The restaurant stayed open late, albeit the service was lethargic. Everyone ordered fish and tough, indecipherable filets eventually came out of the kitchen with rice, shigney pepper sauce, and fresh fruit smoothies that barely quenched one’s thirst in the coastal heat. Amit, Donny, and I stocked up on water bottles; some to drink at the table and more to last us through the night in our rooms. Then, exhausted by our travel and in anticipation of our early start time, we made our way to our beds.

In the morning, refreshed by the breeze of the unrelenting air conditioner I met everyone back at the restaurant for breakfast. It was early so it was just us three and the waitstaff who casually took their time bringing us thin omelets, Somali pancakes, drab coffee, and more fruit cocktails.

Then, all of a sudden, Amit got the call from Mo’. The day was getting late in the fishing world and he was coming to pick us up for the first interview. There was an urgent yell to the waiters to bring the check. In the dash back to my room. Kicking sand on the porch, I grabbed my equipment, went to the bathroom, and chugged some water before running out to Mo’, who had already grown impatient and pulled his SUV up to my bungalow.

We drove down sleepy morning streets that meandered narrowly through compact settlements along the harbor. You can tell the fishing companies apart from other businesses in towns because of the colorful cartoon murals advertising their wares. 

We hopped out of Mo’s SUV. I was a little nervous. All eyes on the street gazed upon us and my camera, but everyone we passed seemed friendly enough, even the gang of teenagers on the skinny curb leading into the fish shop. 

Of course, the two soldiers who patrolled directly behind us may have added to the amiable vibe we encountered.

This was in contrast to the last time I was in Hargeisa. Mo’ waited on the street while Amit and I filmed a farmer bringing her wares to market. No guards accompanied us on that visit. The women who worked the stalls were so upset at the presence of an American with a camera that a group of them surrounded me and yelled at me. Then out of nowhere I felt a jab at my back. A teenager sucker-punched me. I almost lost my temper and would have lashed back at him, but realized that would make things worse so I just tried to stay cool. Then the farmer we were filming, a big woman, rushed into the mob and beat the living daylights out of my antagonists. They were her employees and they were ruining her movie.

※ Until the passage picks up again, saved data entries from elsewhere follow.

fun ssat :: "trace set \<Rightarrow> (sp \<Rightarrow> trace set) \<Rightarrow> trace \<Rightarrow> nat \<Rightarrow> sltl \<Rightarrow> bool" where
  "ssat P lam \<sigma> i (SVar p) = (p \<in> \<sigma> i)"
| "ssat P lam \<sigma> i (SSharp s s') = (lam s \<subseteq> lam s')"
| "ssat P lam \<sigma> i (SNeg \<psi>) = (\<not> ssat P lam \<sigma> i \<psi>)"
| "ssat P lam \<sigma> i (SAnd \<psi> \<chi>) = (ssat P lam \<sigma> i \<psi> \<and> ssat P lam \<sigma> i \<chi>)"
| "ssat P lam \<sigma> i (SDia s \<psi>) = (\<exists>\<sigma>'\<in>lam s. ssat P lam \<sigma>' i \<psi>)"
| "ssat P lam \<sigma> i (SBox s \<psi>) = (\<forall>\<sigma>'\<in>lam s. ssat P lam \<sigma>' i \<psi>)"
| "ssat P lam \<sigma> i (SX \<psi>) = ssat P lam \<sigma> (Suc i) \<psi>"
| "ssat P lam \<sigma> i (SU \<psi> \<chi>) =
     (\<exists>i'\<ge>i. ssat P lam \<sigma> i' \<chi> \<and> (\<forall>i''. i \<le> i'' \<and> i'' < i' \<longrightarrow> ssat P lam \<sigma> i'' \<psi>))"

definition sltl_model :: "trace set \<Rightarrow> (sp \<Rightarrow> trace set) \<Rightarrow> bool" where
  "sltl_model P lam \<longleftrightarrow> P \<noteq> {} \<and> (\<forall>s. lam s \<subseteq> P \<and> lam s \<noteq> {}) \<and> lam Star = P"

definition sltl_satisfiable :: "sltl \<Rightarrow> bool" where
  "sltl_satisfiable \<phi> \<longleftrightarrow> (\<exists>P lam \<sigma>. sltl_model P lam \<and> \<sigma> \<in> P \<and> ssat P lam \<sigma> 0 \<phi>)"

fun sp_syms :: "sp \<Rightarrow> nat set" where
  "sp_syms Star = {}"
| "sp_syms (Sp k) = {k}"

fun stps :: "sltl \<Rightarrow> nat set" where
  "stps (SVar p) = {}"
| "stps (SSharp s s') = sp_syms s \<union> sp_syms s'"
| "stps (SNeg \<psi>) = stps \<psi>"
| "stps (SAnd \<psi> \<chi>) = stps \<psi> \<union> stps \<chi>"
| "stps (SDia s \<psi>) = sp_syms s \<union> stps \<psi>"
| "stps (SBox s \<psi>) = sp_syms s \<union> stps \<psi>"
| "stps (SX \<psi>) = stps \<psi>"
| "stps (SU \<psi> \<chi>) = stps \<psi> \<union> stps \<chi>"

datatype 'a ptl =
    PVar 'a
  | PNeg "'a ptl"
  | PAnd "'a ptl" "'a ptl"
  | PDia "'a ptl"
  | PBox "'a ptl"
  | PX "'a ptl"
  | PU "'a ptl" "'a ptl"

fun psat :: "'w set \<Rightarrow> ('w \<times> 'w) set \<Rightarrow> (nat \<times> 'w \<Rightarrow> 'a set) \<Rightarrow> nat \<Rightarrow> 'w \<Rightarrow> 'a ptl \<Rightarrow> bool" where
  "psat W R L n w (PVar p) = (p \<in> L (n, w))"
| "psat W R L n w (PNeg \<psi>) = (\<not> psat W R L n w \<psi>)"
| "psat W R L n w (PAnd \<psi> \<chi>) = (psat W R L n w \<psi> \<and> psat W R L n w \<chi>)"
| "psat W R L n w (PDia \<psi>) = (\<exists>w'. (w, w') \<in> R \<and> psat W R L n w' \<psi>)"
| "psat W R L n w (PBox \<psi>) = (\<forall>w'. (w, w') \<in> R \<longrightarrow> psat W R L n w' \<psi>)"
| "psat W R L n w (PX \<psi>) = psat W R L (Suc n) w \<psi>"
| "psat W R L n w (PU \<psi> \<chi>) =
     (\<exists>n'\<ge>n. psat W R L n' w \<chi> \<and> (\<forall>n''. n \<le> n'' \<and> n'' < n' \<longrightarrow> psat W R L n'' w \<psi>))"

definition ptl_model :: "'w set \<Rightarrow> ('w \<times> 'w) set \<Rightarrow> bool" where
  "ptl_model W R \<longleftrightarrow> W \<noteq> {} \<and> equiv W R"

definition ptl_satisfiable :: "'w itself \<Rightarrow> 'a ptl \<Rightarrow> bool" where
  "ptl_satisfiable _ \<phi> \<longleftrightarrow>
     (\<exists>(W :: 'w set) R L n w. ptl_model W R \<and> w \<in> W \<and> psat W R L n w \<phi>)"

definition ptop :: "'a ptl" where
  "ptop = PNeg (PAnd (PVar undefined) (PNeg (PVar undefined)))"

definition por :: "'a ptl \<Rightarrow> 'a ptl \<Rightarrow> 'a ptl" where
  "por a b = PNeg (PAnd (PNeg a) (PNeg b))"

That was Hargeisa. In Berbera, with the guards close-by things were fine. While there was violence here; a slew of recent assassinations at the naval base, that was internal corruption as far as I could tell and not the ‘bab. 

Mostly it was just hot. Even at 7:30 in the morning it was in the high 90s and the temperature would only go up as the day went on.

The first fisherman, a towering man with a long beard, equally long white robe, and a skull cap, was someone I had met several times previously. I never could catch his name but we always got along in a cordial way. He had a short window before he needed to attend to his fleet of old sedans packed with fish destined for Hargeisa. 

A fan club of young boys gathered at the shop’s entrance to watch the video shoot. Flies flew in through the shop’s glassless windows from the street and pelted our faces as we talked about preserving his catch and how he used the Foundation’s loan to invest in cold storage. The interior stank of fish even thought the product was hygienically stored in a series of deep freezers until it was time to take them to Hargeisa. Inside each of them was a treasure trove of fruites de mer; a frostbitten aquarium, a still life in the middle of the desert.

I asked a question about pirates and was met with a gramice that ended the interview. We bowed to each other with a warm farewell. Then I hastily packed up the equipment and made my exit from the shop.

Next, our crew went into A- A- Fishing and met J- , a middle aged man in a polo shirt. A- A- is a family business, J-‘s pregnant daughter posed with a couple of skip jacks for a photoshoot I did at his shop two years earlier. It was about as hot then as it was on this day. J-‘s daughter wasn’t around, but his son was. Last time I saw him he was showing off a giant desktop computer that J- spent the loan from the Foundation on. He was beaming in the photos I took of the CPU to document the transaction took place. He looked like he did back then, just a little older.

The same could be said about J-‘s place. Dark, hot, ancient; strings of nets we piled up into mountains. We were ushered into a backroom illuminated by an impromptu skylight; a piece of roof had collapsed near the back of the building. I asked Amit to use the light disk we brought. He popped it out’s sleeve and bounced sunlight from the hole in the ceiling onto J-‘s face. We were all sweating, including J- even though he was a local. Maybe he was just nervous about being on camera.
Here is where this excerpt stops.